**Saved data entries:**
----------------------------------------

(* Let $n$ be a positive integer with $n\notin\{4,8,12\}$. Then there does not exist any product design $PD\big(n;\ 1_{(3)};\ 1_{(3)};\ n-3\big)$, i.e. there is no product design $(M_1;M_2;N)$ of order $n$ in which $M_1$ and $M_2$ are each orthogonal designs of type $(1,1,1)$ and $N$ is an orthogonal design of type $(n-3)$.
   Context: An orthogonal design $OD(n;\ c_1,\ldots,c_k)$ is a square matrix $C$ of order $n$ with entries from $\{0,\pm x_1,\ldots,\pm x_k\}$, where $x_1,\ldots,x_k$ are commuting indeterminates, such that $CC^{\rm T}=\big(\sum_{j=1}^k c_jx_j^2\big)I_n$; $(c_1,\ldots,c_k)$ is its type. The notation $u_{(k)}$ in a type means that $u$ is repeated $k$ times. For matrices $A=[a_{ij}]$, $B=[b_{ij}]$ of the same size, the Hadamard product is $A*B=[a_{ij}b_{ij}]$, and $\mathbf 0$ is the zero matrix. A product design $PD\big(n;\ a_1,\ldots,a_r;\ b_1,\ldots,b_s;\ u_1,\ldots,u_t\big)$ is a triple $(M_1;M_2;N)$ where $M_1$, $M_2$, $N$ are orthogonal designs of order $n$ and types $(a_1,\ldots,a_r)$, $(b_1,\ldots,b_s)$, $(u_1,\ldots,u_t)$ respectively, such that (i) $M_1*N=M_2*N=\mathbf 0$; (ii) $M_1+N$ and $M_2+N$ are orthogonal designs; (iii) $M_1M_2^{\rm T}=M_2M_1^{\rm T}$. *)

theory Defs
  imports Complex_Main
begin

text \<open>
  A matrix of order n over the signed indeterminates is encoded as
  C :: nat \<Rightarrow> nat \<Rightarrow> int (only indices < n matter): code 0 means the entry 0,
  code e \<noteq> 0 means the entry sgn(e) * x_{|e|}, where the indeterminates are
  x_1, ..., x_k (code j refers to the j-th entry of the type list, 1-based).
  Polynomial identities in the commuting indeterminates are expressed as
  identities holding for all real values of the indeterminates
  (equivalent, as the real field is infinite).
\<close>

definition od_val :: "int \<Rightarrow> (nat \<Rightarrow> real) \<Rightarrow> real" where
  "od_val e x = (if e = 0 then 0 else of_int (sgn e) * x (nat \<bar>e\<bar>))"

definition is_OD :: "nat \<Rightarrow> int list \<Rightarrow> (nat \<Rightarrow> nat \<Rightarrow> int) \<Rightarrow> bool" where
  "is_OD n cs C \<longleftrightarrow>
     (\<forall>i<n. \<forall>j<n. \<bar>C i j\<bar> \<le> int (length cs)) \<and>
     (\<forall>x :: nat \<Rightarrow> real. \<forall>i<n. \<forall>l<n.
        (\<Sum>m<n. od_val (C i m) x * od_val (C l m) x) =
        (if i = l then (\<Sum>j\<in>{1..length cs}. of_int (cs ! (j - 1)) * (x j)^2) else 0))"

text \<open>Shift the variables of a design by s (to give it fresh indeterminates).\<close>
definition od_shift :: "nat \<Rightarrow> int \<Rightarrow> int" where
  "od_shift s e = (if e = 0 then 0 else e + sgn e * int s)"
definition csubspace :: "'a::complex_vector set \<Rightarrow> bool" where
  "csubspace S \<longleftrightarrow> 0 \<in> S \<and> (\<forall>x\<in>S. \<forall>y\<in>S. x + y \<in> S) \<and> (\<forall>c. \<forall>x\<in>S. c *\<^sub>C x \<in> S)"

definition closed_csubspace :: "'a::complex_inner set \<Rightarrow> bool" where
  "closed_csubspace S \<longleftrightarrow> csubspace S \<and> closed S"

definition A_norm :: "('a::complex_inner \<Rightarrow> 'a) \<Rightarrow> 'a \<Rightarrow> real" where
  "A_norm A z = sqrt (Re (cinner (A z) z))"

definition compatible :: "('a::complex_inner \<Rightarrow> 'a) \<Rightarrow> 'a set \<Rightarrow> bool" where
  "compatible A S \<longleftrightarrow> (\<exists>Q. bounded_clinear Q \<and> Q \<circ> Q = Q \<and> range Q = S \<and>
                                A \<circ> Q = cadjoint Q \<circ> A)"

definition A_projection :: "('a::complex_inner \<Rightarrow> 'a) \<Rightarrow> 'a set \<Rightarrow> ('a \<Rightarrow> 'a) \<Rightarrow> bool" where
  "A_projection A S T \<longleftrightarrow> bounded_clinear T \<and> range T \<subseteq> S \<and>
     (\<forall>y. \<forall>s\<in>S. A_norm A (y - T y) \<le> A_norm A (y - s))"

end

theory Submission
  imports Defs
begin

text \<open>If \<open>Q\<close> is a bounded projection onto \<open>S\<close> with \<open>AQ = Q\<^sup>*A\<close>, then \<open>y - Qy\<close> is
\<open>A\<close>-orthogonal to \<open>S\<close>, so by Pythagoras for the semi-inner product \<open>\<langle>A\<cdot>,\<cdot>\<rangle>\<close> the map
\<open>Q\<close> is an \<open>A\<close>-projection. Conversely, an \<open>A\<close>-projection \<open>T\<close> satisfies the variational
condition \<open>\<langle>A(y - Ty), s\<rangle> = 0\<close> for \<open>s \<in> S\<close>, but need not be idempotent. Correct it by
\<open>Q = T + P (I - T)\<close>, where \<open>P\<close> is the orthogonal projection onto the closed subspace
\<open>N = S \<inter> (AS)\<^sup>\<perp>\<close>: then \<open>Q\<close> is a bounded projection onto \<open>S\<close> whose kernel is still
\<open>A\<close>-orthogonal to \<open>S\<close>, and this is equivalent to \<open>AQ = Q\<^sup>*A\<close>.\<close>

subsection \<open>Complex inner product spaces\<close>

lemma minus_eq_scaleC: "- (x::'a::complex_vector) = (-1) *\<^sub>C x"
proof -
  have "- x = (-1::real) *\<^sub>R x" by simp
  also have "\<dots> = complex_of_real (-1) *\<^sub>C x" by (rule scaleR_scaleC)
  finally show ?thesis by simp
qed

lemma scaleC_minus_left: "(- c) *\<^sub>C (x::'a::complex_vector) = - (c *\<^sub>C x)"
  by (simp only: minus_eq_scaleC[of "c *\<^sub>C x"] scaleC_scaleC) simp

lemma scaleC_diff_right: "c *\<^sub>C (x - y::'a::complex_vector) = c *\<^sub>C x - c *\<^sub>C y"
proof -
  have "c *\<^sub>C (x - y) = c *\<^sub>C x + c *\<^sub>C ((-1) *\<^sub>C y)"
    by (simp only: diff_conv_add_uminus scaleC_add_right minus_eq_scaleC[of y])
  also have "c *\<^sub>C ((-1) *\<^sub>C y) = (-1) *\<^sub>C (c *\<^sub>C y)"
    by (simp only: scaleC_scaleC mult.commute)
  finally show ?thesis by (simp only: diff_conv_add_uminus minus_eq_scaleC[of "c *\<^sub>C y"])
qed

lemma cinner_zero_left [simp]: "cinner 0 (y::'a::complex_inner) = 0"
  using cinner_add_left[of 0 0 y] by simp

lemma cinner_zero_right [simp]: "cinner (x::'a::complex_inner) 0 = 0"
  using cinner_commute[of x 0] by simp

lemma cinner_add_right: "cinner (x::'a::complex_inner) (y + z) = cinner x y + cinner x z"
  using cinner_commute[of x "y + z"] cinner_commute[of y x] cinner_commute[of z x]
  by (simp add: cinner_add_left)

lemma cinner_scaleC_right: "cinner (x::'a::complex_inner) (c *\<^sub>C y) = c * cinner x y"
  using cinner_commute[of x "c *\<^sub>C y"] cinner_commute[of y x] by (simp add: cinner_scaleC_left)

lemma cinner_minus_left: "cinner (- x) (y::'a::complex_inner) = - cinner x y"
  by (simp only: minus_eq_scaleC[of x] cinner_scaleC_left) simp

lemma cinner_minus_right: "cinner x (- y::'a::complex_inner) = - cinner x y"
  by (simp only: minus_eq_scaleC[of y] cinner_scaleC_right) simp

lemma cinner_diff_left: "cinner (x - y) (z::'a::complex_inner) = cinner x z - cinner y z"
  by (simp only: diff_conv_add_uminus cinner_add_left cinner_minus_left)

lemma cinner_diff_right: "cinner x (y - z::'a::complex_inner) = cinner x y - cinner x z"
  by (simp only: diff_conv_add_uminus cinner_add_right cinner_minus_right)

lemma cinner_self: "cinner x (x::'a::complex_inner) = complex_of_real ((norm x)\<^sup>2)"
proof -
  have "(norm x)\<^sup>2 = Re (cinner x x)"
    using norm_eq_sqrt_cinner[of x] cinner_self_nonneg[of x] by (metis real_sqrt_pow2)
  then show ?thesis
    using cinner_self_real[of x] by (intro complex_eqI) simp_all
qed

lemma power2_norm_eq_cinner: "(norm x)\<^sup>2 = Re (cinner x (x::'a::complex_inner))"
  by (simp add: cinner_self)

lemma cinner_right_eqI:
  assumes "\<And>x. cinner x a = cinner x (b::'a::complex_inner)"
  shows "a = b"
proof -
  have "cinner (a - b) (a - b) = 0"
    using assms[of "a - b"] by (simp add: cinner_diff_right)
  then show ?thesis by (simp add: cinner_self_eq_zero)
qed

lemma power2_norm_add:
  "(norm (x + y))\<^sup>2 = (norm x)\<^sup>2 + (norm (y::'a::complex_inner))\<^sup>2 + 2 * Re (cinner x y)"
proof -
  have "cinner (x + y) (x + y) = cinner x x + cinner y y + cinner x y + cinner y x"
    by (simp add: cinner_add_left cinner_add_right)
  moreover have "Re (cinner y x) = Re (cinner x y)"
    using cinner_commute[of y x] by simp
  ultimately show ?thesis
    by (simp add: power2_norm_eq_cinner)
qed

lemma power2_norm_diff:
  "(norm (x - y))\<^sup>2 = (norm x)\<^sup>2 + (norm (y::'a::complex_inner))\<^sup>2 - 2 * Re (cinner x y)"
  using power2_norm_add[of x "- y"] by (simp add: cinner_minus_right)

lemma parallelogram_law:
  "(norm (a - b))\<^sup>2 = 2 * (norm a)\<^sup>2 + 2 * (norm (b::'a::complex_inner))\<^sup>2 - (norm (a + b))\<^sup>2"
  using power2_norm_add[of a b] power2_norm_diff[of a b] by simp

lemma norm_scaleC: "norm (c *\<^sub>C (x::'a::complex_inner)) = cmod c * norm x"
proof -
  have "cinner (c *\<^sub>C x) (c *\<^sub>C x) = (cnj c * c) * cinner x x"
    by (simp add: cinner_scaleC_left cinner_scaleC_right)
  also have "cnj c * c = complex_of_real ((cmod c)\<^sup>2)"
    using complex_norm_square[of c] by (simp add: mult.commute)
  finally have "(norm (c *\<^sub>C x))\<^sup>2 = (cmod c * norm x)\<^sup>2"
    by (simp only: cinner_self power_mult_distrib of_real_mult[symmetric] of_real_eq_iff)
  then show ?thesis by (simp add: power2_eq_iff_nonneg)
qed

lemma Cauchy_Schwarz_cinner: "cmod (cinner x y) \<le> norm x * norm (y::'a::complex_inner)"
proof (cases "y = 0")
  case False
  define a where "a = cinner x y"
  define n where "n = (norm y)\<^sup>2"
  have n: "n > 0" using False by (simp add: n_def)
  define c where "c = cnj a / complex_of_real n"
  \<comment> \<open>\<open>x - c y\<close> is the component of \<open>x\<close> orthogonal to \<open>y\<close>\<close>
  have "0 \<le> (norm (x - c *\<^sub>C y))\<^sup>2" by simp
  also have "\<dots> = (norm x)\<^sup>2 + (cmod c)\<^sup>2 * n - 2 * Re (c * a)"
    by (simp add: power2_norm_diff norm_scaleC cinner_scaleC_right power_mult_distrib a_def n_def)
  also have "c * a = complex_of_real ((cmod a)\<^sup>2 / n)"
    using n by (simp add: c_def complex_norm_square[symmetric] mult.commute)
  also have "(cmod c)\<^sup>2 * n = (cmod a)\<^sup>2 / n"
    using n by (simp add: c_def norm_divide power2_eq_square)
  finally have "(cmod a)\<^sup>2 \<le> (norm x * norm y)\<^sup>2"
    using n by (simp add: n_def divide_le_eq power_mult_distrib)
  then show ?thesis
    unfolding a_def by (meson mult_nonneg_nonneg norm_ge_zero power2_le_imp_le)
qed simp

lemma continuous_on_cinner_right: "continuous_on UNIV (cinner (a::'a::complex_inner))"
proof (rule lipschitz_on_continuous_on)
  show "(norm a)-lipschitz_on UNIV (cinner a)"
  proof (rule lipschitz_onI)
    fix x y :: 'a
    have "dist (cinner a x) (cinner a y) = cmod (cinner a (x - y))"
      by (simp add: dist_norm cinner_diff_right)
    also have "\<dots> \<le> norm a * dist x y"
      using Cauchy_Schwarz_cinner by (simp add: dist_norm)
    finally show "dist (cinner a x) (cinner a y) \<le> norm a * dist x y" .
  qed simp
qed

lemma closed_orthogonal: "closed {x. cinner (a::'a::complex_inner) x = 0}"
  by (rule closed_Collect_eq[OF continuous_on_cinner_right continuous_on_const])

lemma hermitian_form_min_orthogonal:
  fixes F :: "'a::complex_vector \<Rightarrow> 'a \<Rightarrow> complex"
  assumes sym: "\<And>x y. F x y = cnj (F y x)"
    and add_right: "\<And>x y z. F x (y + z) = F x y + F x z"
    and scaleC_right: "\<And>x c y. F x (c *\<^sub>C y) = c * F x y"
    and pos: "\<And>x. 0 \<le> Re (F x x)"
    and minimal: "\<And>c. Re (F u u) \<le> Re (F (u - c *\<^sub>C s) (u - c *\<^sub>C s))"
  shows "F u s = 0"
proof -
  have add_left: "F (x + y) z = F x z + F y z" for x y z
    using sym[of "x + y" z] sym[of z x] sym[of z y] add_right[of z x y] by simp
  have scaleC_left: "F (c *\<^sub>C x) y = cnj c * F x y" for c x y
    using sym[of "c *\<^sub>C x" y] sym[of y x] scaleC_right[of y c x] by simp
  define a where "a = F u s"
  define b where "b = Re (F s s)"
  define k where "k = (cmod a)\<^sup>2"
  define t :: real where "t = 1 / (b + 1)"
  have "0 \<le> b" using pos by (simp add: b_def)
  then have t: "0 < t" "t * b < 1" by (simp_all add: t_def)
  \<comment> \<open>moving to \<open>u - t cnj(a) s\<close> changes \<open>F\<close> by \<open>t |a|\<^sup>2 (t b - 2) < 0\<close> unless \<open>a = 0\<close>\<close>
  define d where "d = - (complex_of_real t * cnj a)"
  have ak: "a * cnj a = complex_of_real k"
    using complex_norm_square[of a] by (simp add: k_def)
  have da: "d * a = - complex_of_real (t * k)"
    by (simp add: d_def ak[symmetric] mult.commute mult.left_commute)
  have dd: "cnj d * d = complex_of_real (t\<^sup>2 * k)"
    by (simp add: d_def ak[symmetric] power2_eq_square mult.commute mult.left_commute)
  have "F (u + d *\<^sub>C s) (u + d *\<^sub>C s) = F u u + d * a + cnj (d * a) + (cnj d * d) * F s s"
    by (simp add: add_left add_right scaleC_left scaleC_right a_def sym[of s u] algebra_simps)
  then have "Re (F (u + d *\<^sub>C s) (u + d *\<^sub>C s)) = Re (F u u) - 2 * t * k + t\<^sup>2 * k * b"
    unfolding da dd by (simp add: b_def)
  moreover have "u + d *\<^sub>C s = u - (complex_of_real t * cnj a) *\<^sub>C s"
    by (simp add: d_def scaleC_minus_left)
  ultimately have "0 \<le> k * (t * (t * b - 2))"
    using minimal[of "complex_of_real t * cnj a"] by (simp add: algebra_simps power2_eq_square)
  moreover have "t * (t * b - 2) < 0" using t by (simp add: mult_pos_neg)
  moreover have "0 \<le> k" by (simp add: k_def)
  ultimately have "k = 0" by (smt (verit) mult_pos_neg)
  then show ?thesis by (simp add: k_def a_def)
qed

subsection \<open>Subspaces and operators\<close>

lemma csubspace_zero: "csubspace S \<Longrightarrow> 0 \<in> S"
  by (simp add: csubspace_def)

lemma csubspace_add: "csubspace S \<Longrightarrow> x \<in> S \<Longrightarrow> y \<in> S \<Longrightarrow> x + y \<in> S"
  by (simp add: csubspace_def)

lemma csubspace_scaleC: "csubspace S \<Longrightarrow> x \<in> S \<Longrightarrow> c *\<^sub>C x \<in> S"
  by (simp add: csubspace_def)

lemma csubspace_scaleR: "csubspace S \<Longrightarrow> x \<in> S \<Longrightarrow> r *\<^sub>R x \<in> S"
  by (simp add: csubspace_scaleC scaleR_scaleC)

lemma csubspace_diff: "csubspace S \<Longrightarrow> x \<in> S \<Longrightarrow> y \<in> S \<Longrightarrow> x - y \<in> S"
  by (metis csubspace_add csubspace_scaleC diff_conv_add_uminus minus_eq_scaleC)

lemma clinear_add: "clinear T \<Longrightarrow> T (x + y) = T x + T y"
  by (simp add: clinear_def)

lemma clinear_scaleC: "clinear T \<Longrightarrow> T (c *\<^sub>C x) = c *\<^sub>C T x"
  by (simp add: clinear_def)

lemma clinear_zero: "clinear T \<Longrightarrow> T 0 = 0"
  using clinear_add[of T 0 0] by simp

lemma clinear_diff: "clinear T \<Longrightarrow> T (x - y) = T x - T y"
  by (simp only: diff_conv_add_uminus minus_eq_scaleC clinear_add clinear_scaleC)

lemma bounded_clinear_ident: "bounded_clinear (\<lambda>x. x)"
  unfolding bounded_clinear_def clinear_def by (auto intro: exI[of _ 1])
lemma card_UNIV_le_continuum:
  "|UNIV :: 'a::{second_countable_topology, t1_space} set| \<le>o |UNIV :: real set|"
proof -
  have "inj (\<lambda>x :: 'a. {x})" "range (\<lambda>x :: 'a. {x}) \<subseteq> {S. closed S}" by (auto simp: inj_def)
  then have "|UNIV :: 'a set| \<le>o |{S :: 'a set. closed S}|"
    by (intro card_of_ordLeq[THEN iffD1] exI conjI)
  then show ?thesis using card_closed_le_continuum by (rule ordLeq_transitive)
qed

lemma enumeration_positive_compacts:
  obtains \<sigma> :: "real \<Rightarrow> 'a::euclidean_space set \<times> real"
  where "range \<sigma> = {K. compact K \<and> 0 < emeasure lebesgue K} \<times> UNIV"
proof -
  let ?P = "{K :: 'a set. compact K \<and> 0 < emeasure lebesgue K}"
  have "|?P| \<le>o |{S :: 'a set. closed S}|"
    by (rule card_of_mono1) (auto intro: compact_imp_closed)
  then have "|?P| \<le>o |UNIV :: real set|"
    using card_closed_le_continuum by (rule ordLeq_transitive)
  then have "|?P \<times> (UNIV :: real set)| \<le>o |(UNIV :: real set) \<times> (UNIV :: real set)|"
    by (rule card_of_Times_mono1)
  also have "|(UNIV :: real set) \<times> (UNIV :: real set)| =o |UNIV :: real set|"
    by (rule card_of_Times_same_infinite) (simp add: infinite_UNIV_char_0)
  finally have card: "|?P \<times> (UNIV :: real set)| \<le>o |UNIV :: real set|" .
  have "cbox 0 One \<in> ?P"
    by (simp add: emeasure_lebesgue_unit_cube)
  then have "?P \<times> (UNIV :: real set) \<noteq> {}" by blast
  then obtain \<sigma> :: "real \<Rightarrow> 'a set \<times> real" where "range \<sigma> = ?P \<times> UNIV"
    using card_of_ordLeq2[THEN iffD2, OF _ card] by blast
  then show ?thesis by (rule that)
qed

----------------------------------------

**EXERCISE DESCRIPTION:** The answer must be every line of the records that holds the string "range".

**RESPONSE TO THIS TASK:**
  "compatible A S \<longleftrightarrow> (\<exists>Q. bounded_clinear Q \<and> Q \<circ> Q = Q \<and> range Q = S \<and>
  "A_projection A S T \<longleftrightarrow> bounded_clinear T \<and> range T \<subseteq> S \<and>
  have "inj (\<lambda>x :: 'a. {x})" "range (\<lambda>x :: 'a. {x}) \<subseteq> {S. closed S}" by (auto simp: inj_def)
  where "range \<sigma> = {K. compact K \<and> 0 < emeasure lebesgue K} \<times> UNIV"
  then obtain \<sigma> :: "real \<Rightarrow> 'a set \<times> real" where "range \<sigma> = ?P \<times> UNIV"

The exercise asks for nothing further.